text \<open>Rademacher functions r_j(t) = sign(sin(2^j pi t)), j >= 1 (up to the null set of dyadic points).\<close>
definition rademacher :: "nat \<Rightarrow> real \<Rightarrow> real" where
  "rademacher j t = (if even \<lfloor>2 ^ j * t\<rfloor> then 1 else -1)"

definition weak_pnorm :: "real \<Rightarrow> nat \<Rightarrow> (nat \<Rightarrow> 'a::real_normed_vector) \<Rightarrow> real" where
  "weak_pnorm p k x = Sup {(\<Sum>j=1..k. \<bar>\<phi> (x j)\<bar> powr p) powr (1/p) | \<phi>.
      bounded_linear \<phi> \<and> onorm \<phi> \<le> 1}"

definition almost_p_summing_at ::
  "real \<Rightarrow> ('a::real_normed_vector \<Rightarrow> 'b::real_normed_vector) \<Rightarrow> 'a \<Rightarrow> bool" where
  "almost_p_summing_at p f b \<longleftrightarrow>
     (\<exists>C \<epsilon> r. C > 0 \<and> \<epsilon> > 0 \<and> r > 0 \<and>
       (\<forall>k. \<forall>x :: nat \<Rightarrow> 'a. weak_pnorm p k x < \<epsilon> \<longrightarrow>
          sqrt (integral {0..1} (\<lambda>t. (norm (\<Sum>j=1..k. rademacher j t *\<^sub>R (f (b + x j) - f b)))\<^sup>2))
            \<le> C * weak_pnorm p k x powr r))"

text \<open>Continuous n-linear maps A : E^n -> F, with arguments given as functions nat => E
  (only the first n arguments matter).\<close>
definition bounded_multilinear :: "nat \<Rightarrow> ((nat \<Rightarrow> 'a::real_normed_vector) \<Rightarrow> 'b::real_normed_vector) \<Rightarrow> bool" where
  "bounded_multilinear n A \<longleftrightarrow>
     (\<forall>x y. (\<forall>i<n. x i = y i) \<longrightarrow> A x = A y) \<and>
     (\<forall>i<n. \<forall>x. linear (\<lambda>v. A (x(i := v)))) \<and>
     (\<exists>C. \<forall>x. norm (A x) \<le> C * (\<Prod>i<n. norm (x i)))"

definition continuous_homogeneous_polynomial :: "nat \<Rightarrow> ('a::real_normed_vector \<Rightarrow> 'b::real_normed_vector) \<Rightarrow> bool" where
  "continuous_homogeneous_polynomial n P \<longleftrightarrow>
     (\<exists>A. bounded_multilinear n A \<and> (\<forall>x. P x = A (\<lambda>_. x)))"

end

theory Submission
  imports Defs
begin

text \<open>On every line through \<open>a\<close> the polynomial \<open>P\<close> restricts to a polynomial
  \<open>t \<mapsto> P (a + t x) = \<Sum>k\<le>n. t^k c\<^sub>k\<close> with \<open>c\<^sub>1 = dP(a) x\<close>. Choosing weights \<open>w\<^sub>i\<close> and nodes
  \<open>s\<^sub>i\<close> (independent of \<open>a\<close> and \<open>x\<close>) with \<open>\<Sum>\<^sub>i w\<^sub>i s\<^sub>i^k = [k = 1]\<close> for \<open>1 \<le> k \<le> n\<close> gives
  \<open>dP(a) x = \<Sum>\<^sub>i w\<^sub>i (P (a + s\<^sub>i x) - P a)\<close>. Dilating a sequence by \<open>s\<^sub>i\<close> multiplies its weak
  \<open>p\<close>-norm by at most \<open>|s\<^sub>i|\<close>, so every summand inherits the almost \<open>p\<close>-summing estimate of
  \<open>P\<close> at \<open>a\<close>, and by Cauchy-Schwarz the Rademacher average of the finite combination is
  controlled by those of its summands.\<close>

section \<open>Rademacher averages\<close>

lemma rademacher_measurable [measurable]: "rademacher j \<in> borel_measurable borel"
  unfolding rademacher_def by measurable

lemma abs_rademacher [simp]: "\<bar>rademacher j t\<bar> = 1"
  by (simp add: rademacher_def)

text \<open>The target space need not be separable, so Rademacher sums are shown measurable by
  factoring them through the finitely many sign patterns of \<open>r\<^sub>1, ..., r\<^sub>k\<close>.\<close>
lemma simple_function_rademacher_signs:
  "simple_function borel (\<lambda>t. restrict (\<lambda>j. rademacher j t) {1..k})"
  unfolding simple_function_def space_borel
proof
  have "range (\<lambda>t. restrict (\<lambda>j. rademacher j t) {1..k}) \<subseteq> PiE {1..k} (\<lambda>_. {-1, 1})"
    by (auto simp: rademacher_def split: if_splits)
  then show "finite (range (\<lambda>t. restrict (\<lambda>j. rademacher j t) {1..k}))"
    by (rule finite_subset) (simp add: finite_PiE)
  show "\<forall>\<sigma>\<in>range (\<lambda>t. restrict (\<lambda>j. rademacher j t) {1..k}).
      (\<lambda>t. restrict (\<lambda>j. rademacher j t) {1..k}) -` {\<sigma>} \<inter> UNIV \<in> sets borel"
  proof
    fix \<sigma> assume "\<sigma> \<in> range (\<lambda>t. restrict (\<lambda>j. rademacher j t) {1..k})"
    then have "\<sigma> \<in> extensional {1..k}" by auto
    then have "(\<lambda>t. restrict (\<lambda>j. rademacher j t) {1..k}) -` {\<sigma>} = {t. \<forall>j\<in>{1..k}. rademacher j t = \<sigma> j}"
      by (auto simp: restrict_def extensional_def fun_eq_iff)
    also have "\<dots> \<in> sets borel" by measurable
    finally show "(\<lambda>t. restrict (\<lambda>j. rademacher j t) {1..k}) -` {\<sigma>} \<inter> UNIV \<in> sets borel"
      by simp
  qed
qed

lemma rademacher_sum_measurable:
  fixes g :: "'a::real_normed_vector \<Rightarrow> real"
  shows "(\<lambda>t. g (\<Sum>j=1..k. rademacher j t *\<^sub>R v j)) \<in> borel_measurable borel"
proof -
  have "(\<lambda>t. g (\<Sum>j=1..k. rademacher j t *\<^sub>R v j))
      = (\<lambda>\<sigma>. g (\<Sum>j=1..k. \<sigma> j *\<^sub>R v j)) \<circ> (\<lambda>t. restrict (\<lambda>j. rademacher j t) {1..k})"
    by (simp add: fun_eq_iff)
  also have "\<dots> \<in> borel_measurable borel"
    by (intro borel_measurable_simple_function simple_function_compose
        simple_function_rademacher_signs)
  finally show ?thesis .
qed

lemma rademacher_sum_square_integrable:
  fixes v :: "nat \<Rightarrow> 'a::real_normed_vector"
  shows "(\<lambda>t. (norm (\<Sum>j=1..k. rademacher j t *\<^sub>R v j))\<^sup>2) integrable_on {0..1}"
proof (rule measurable_bounded_by_integrable_imp_integrable)
  show "(\<lambda>t. (norm (\<Sum>j=1..k. rademacher j t *\<^sub>R v j))\<^sup>2) \<in> borel_measurable (lebesgue_on {0..1})"
    using rademacher_sum_measurable[of "\<lambda>y. (norm y)\<^sup>2" v k]
    by (simp add: measurable_completion measurable_restrict_space1)
  show "(\<lambda>t::real. (\<Sum>j=1..k. norm (v j))\<^sup>2) integrable_on {0..1}"
    by (simp add: integrable_const_ivl)
  fix t :: real
  have "norm (\<Sum>j=1..k. rademacher j t *\<^sub>R v j) \<le> (\<Sum>j=1..k. norm (v j))"
    using norm_sum[of "\<lambda>j. rademacher j t *\<^sub>R v j"] by simp
  then show "norm ((norm (\<Sum>j=1..k. rademacher j t *\<^sub>R v j))\<^sup>2) \<le> (\<Sum>j=1..k. norm (v j))\<^sup>2"
    by (simp add: power_mono)
qed simp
------------------------------------------------------------
In the answer, the listing above should be restated word for word.

-- EXERCISE OUTPUT --
text \<open>Rademacher functions r_j(t) = sign(sin(2^j pi t)), j >= 1 (up to the null set of dyadic points).\<close>
definition rademacher :: "nat \<Rightarrow> real \<Rightarrow> real" where
  "rademacher j t = (if even \<lfloor>2 ^ j * t\<rfloor> then 1 else -1)"

definition weak_pnorm :: "real \<Rightarrow> nat \<Rightarrow> (nat \<Rightarrow> 'a::real_normed_vector) \<Rightarrow> real" where
  "weak_pnorm p k x = Sup {(\<Sum>j=1..k. \<bar>\<phi> (x j)\<bar> powr p) powr (1/p) | \<phi>.
      bounded_linear \<phi> \<and> onorm \<phi> \<le> 1}"

definition almost_p_summing_at ::
  "real \<Rightarrow> ('a::real_normed_vector \<Rightarrow> 'b::real_normed_vector) \<Rightarrow> 'a \<Rightarrow> bool" where
  "almost_p_summing_at p f b \<longleftrightarrow>
     (\<exists>C \<epsilon> r. C > 0 \<and> \<epsilon> > 0 \<and> r > 0 \<and>
       (\<forall>k. \<forall>x :: nat \<Rightarrow> 'a. weak_pnorm p k x < \<epsilon> \<longrightarrow>
          sqrt (integral {0..1} (\<lambda>t. (norm (\<Sum>j=1..k. rademacher j t *\<^sub>R (f (b + x j) - f b)))\<^sup>2))
            \<le> C * weak_pnorm p k x powr r))"

text \<open>Continuous n-linear maps A : E^n -> F, with arguments given as functions nat => E
  (only the first n arguments matter).\<close>
definition bounded_multilinear :: "nat \<Rightarrow> ((nat \<Rightarrow> 'a::real_normed_vector) \<Rightarrow> 'b::real_normed_vector) \<Rightarrow> bool" where
  "bounded_multilinear n A \<longleftrightarrow>
     (\<forall>x y. (\<forall>i<n. x i = y i) \<longrightarrow> A x = A y) \<and>
     (\<forall>i<n. \<forall>x. linear (\<lambda>v. A (x(i := v)))) \<and>
     (\<exists>C. \<forall>x. norm (A x) \<le> C * (\<Prod>i<n. norm (x i)))"

definition continuous_homogeneous_polynomial :: "nat \<Rightarrow> ('a::real_normed_vector \<Rightarrow> 'b::real_normed_vector) \<Rightarrow> bool" where
  "continuous_homogeneous_polynomial n P \<longleftrightarrow>
     (\<exists>A. bounded_multilinear n A \<and> (\<forall>x. P x = A (\<lambda>_. x)))"

end

theory Submission
  imports Defs
begin

text \<open>On every line through \<open>a\<close> the polynomial \<open>P\<close> restricts to a polynomial
  \<open>t \<mapsto> P (a + t x) = \<Sum>k\<le>n. t^k c\<^sub>k\<close> with \<open>c\<^sub>1 = dP(a) x\<close>. Choosing weights \<open>w\<^sub>i\<close> and nodes
  \<open>s\<^sub>i\<close> (independent of \<open>a\<close> and \<open>x\<close>) with \<open>\<Sum>\<^sub>i w\<^sub>i s\<^sub>i^k = [k = 1]\<close> for \<open>1 \<le> k \<le> n\<close> gives
  \<open>dP(a) x = \<Sum>\<^sub>i w\<^sub>i (P (a + s\<^sub>i x) - P a)\<close>. Dilating a sequence by \<open>s\<^sub>i\<close> multiplies its weak
  \<open>p\<close>-norm by at most \<open>|s\<^sub>i|\<close>, so every summand inherits the almost \<open>p\<close>-summing estimate of
  \<open>P\<close> at \<open>a\<close>, and by Cauchy-Schwarz the Rademacher average of the finite combination is
  controlled by those of its summands.\<close>

section \<open>Rademacher averages\<close>

lemma rademacher_measurable [measurable]: "rademacher j \<in> borel_measurable borel"
  unfolding rademacher_def by measurable

lemma abs_rademacher [simp]: "\<bar>rademacher j t\<bar> = 1"
  by (simp add: rademacher_def)

text \<open>The target space need not be separable, so Rademacher sums are shown measurable by
  factoring them through the finitely many sign patterns of \<open>r\<^sub>1, ..., r\<^sub>k\<close>.\<close>
lemma simple_function_rademacher_signs:
  "simple_function borel (\<lambda>t. restrict (\<lambda>j. rademacher j t) {1..k})"
  unfolding simple_function_def space_borel
proof
  have "range (\<lambda>t. restrict (\<lambda>j. rademacher j t) {1..k}) \<subseteq> PiE {1..k} (\<lambda>_. {-1, 1})"
    by (auto simp: rademacher_def split: if_splits)
  then show "finite (range (\<lambda>t. restrict (\<lambda>j. rademacher j t) {1..k}))"
    by (rule finite_subset) (simp add: finite_PiE)
  show "\<forall>\<sigma>\<in>range (\<lambda>t. restrict (\<lambda>j. rademacher j t) {1..k}).
      (\<lambda>t. restrict (\<lambda>j. rademacher j t) {1..k}) -` {\<sigma>} \<inter> UNIV \<in> sets borel"
  proof
    fix \<sigma> assume "\<sigma> \<in> range (\<lambda>t. restrict (\<lambda>j. rademacher j t) {1..k})"
    then have "\<sigma> \<in> extensional {1..k}" by auto
    then have "(\<lambda>t. restrict (\<lambda>j. rademacher j t) {1..k}) -` {\<sigma>} = {t. \<forall>j\<in>{1..k}. rademacher j t = \<sigma> j}"
      by (auto simp: restrict_def extensional_def fun_eq_iff)
    also have "\<dots> \<in> sets borel" by measurable
    finally show "(\<lambda>t. restrict (\<lambda>j. rademacher j t) {1..k}) -` {\<sigma>} \<inter> UNIV \<in> sets borel"
      by simp
  qed
qed

lemma rademacher_sum_measurable:
  fixes g :: "'a::real_normed_vector \<Rightarrow> real"
  shows "(\<lambda>t. g (\<Sum>j=1..k. rademacher j t *\<^sub>R v j)) \<in> borel_measurable borel"
proof -
  have "(\<lambda>t. g (\<Sum>j=1..k. rademacher j t *\<^sub>R v j))
      = (\<lambda>\<sigma>. g (\<Sum>j=1..k. \<sigma> j *\<^sub>R v j)) \<circ> (\<lambda>t. restrict (\<lambda>j. rademacher j t) {1..k})"
    by (simp add: fun_eq_iff)
  also have "\<dots> \<in> borel_measurable borel"
    by (intro borel_measurable_simple_function simple_function_compose
        simple_function_rademacher_signs)
  finally show ?thesis .
qed

lemma rademacher_sum_square_integrable:
  fixes v :: "nat \<Rightarrow> 'a::real_normed_vector"
  shows "(\<lambda>t. (norm (\<Sum>j=1..k. rademacher j t *\<^sub>R v j))\<^sup>2) integrable_on {0..1}"
proof (rule measurable_bounded_by_integrable_imp_integrable)
  show "(\<lambda>t. (norm (\<Sum>j=1..k. rademacher j t *\<^sub>R v j))\<^sup>2) \<in> borel_measurable (lebesgue_on {0..1})"
    using rademacher_sum_measurable[of "\<lambda>y. (norm y)\<^sup>2" v k]
    by (simp add: measurable_completion measurable_restrict_space1)
  show "(\<lambda>t::real. (\<Sum>j=1..k. norm (v j))\<^sup>2) integrable_on {0..1}"
    by (simp add: integrable_const_ivl)
  fix t :: real
  have "norm (\<Sum>j=1..k. rademacher j t *\<^sub>R v j) \<le> (\<Sum>j=1..k. norm (v j))"
    using norm_sum[of "\<lambda>j. rademacher j t *\<^sub>R v j"] by simp
  then show "norm ((norm (\<Sum>j=1..k. rademacher j t *\<^sub>R v j))\<^sup>2) \<le> (\<Sum>j=1..k. norm (v j))\<^sup>2"
    by (simp add: power_mono)
qed simp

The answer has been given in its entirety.